--- Exercise data Enclosed Below ---
(* Let $\{\mathcal L^{(1)}_t\}_{t\ge0}$ and $\{\mathcal L^{(2)}_t\}_{t\ge0}$ be two families of dynamical generators each of which generates SSC dynamics. Suppose that for every $\alpha,\beta\ge0$ the family $\mathcal L'_t:=\alpha\mathcal L^{(1)}_t+\beta\mathcal L^{(2)}_t$ is commutative, i.e. $[\mathcal L'_s,\mathcal L'_t]=0$ for all $s,t\ge0$. Then $\mathcal L^{(1)}$ and $\mathcal L^{(2)}$ are additive: for every $\alpha,\beta\ge0$ the family $\mathcal L'_t$ generates dynamics $\Lambda'_t=\exp\!\big(\int_0^t\mathcal L'_\tau d\tau\big)$ consisting of completely positive trace-preserving maps for all $t\ge0$ (indeed, SSC dynamics).
   Context: A dynamical generator is a linear, Hermiticity-preserving, trace-annihilating map on $d\times d$ complex matrices. Fix an orthonormal operator basis $\{F_i\}_{i=1}^{d^2}$ with $\mathrm{tr}(F_i^\dagger F_j)=\delta_{ij}$, $F_{d^2}=\mathbb 1/\sqrt d$, other $F_i$ traceless; every generator decomposes uniquely as $\mathcal L[\rho]=-\mathrm i[H,\rho]+\sum_{i,j=1}^{d^2-1}\mathsf D_{ij}(F_i\rho F_j^\dagger-\frac12\{F_j^\dagger F_i,\rho\})$; it is of GKSL form if $\mathsf D\ge0$. A family of generators is physical if the family of maps $\Lambda_t$ solving $\dot\Lambda_t=\mathcal L_t\circ\Lambda_t$, $\Lambda_0=\mathrm{id}$, consists of CPTP maps. A family is commutative if $[\mathcal L_s,\mathcal L_t]=0$ for all $s,t$; then $\Lambda_t=\exp(\mathcal Z_t)$ with $\mathcal Z_t=\int_0^t\mathcal L_\tau d\tau$. The dynamics is semigroup-simulable (SS) if $\mathcal Z_t$ is of GKSL form for all $t\ge0$; SSC means commutative and SS. Two physical families are additive if all non-negative linear combinations $\alpha\mathcal L^{(1)}_t+\beta\mathcal L^{(2)}_t$, $\alpha,\beta\ge0$, are physical. *)

theory Defs
  imports "HOL-Analysis.Analysis"
begin

text \<open>d x d complex matrices are modelled as complex^'d^'d (d = CARD('d)); superoperators
  (maps on d x d matrices) are functions on this type, a family of generators is
  a function real \<Rightarrow> superoperator, indexed by t \<ge> 0.\<close>

type_synonym 'd cmat = "complex^'d^'d"
type_synonym 'd superop = "'d cmat \<Rightarrow> 'd cmat"

definition adj :: "'d::finite cmat \<Rightarrow> 'd cmat" where
  "adj X = (\<chi> i j. cnj (X $ j $ i))"

definition csmult :: "complex \<Rightarrow> 'd::finite cmat \<Rightarrow> 'd cmat" where
  "csmult c X = (\<chi> i j. c * X $ i $ j)"

definition complex_linear_map :: "'d::finite superop \<Rightarrow> bool" where
  "complex_linear_map L \<longleftrightarrow>
     (\<forall>X Y. L (X + Y) = L X + L Y) \<and> (\<forall>c X. L (csmult c X) = csmult c (L X))"

definition dyn_gen :: "'d::finite superop \<Rightarrow> bool" where
  "dyn_gen L \<longleftrightarrow> complex_linear_map L \<and> (\<forall>X. L (adj X) = adj (L X)) \<and> (\<forall>X. trace (L X) = 0)"

definition cinner :: "complex^'d \<Rightarrow> complex^'d \<Rightarrow> complex" where
  "cinner u w = (\<Sum>i\<in>UNIV. cnj (u $ i) * w $ i)"

text \<open>A k x k block matrix with blocks in M_d (i.e. an element of M_k \<otimes> M_d) is positive
  semidefinite.\<close>
definition psd_block :: "nat \<Rightarrow> (nat \<Rightarrow> nat \<Rightarrow> 'd::finite cmat) \<Rightarrow> bool" where
  "psd_block k X \<longleftrightarrow> (\<forall>v :: nat \<Rightarrow> complex^'d.
     (let q = (\<Sum>a<k. \<Sum>b<k. cinner (v a) (X a b *v v b)) in Im q = 0 \<and> 0 \<le> Re q))"

definition completely_positive :: "'d::finite superop \<Rightarrow> bool" where
  "completely_positive \<Lambda> \<longleftrightarrow>
     complex_linear_map \<Lambda> \<and>
     (\<forall>k X. psd_block k X \<longrightarrow> psd_block k (\<lambda>a b. \<Lambda> (X a b)))"

definition trace_preserving :: "'d::finite superop \<Rightarrow> bool" where
  "trace_preserving \<Lambda> \<longleftrightarrow> (\<forall>X. trace (\<Lambda> X) = trace X)"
--- End of Enclosed Exercise data ---
▶ _Task directions_
Please go over the data above and copy each line with "forall" in it.

▶ _Response to the task_
     (\<forall>X Y. L (X + Y) = L X + L Y) \<and> (\<forall>c X. L (csmult c X) = csmult c (L X))"
  "dyn_gen L \<longleftrightarrow> complex_linear_map L \<and> (\<forall>X. L (adj X) = adj (L X)) \<and> (\<forall>X. trace (L X) = 0)"
  "psd_block k X \<longleftrightarrow> (\<forall>v :: nat \<Rightarrow> complex^'d.
     (\<forall>k X. psd_block k X \<longrightarrow> psd_block k (\<lambda>a b. \<Lambda> (X a b)))"
  "trace_preserving \<Lambda> \<longleftrightarrow> (\<forall>X. trace (\<Lambda> X) = trace X)"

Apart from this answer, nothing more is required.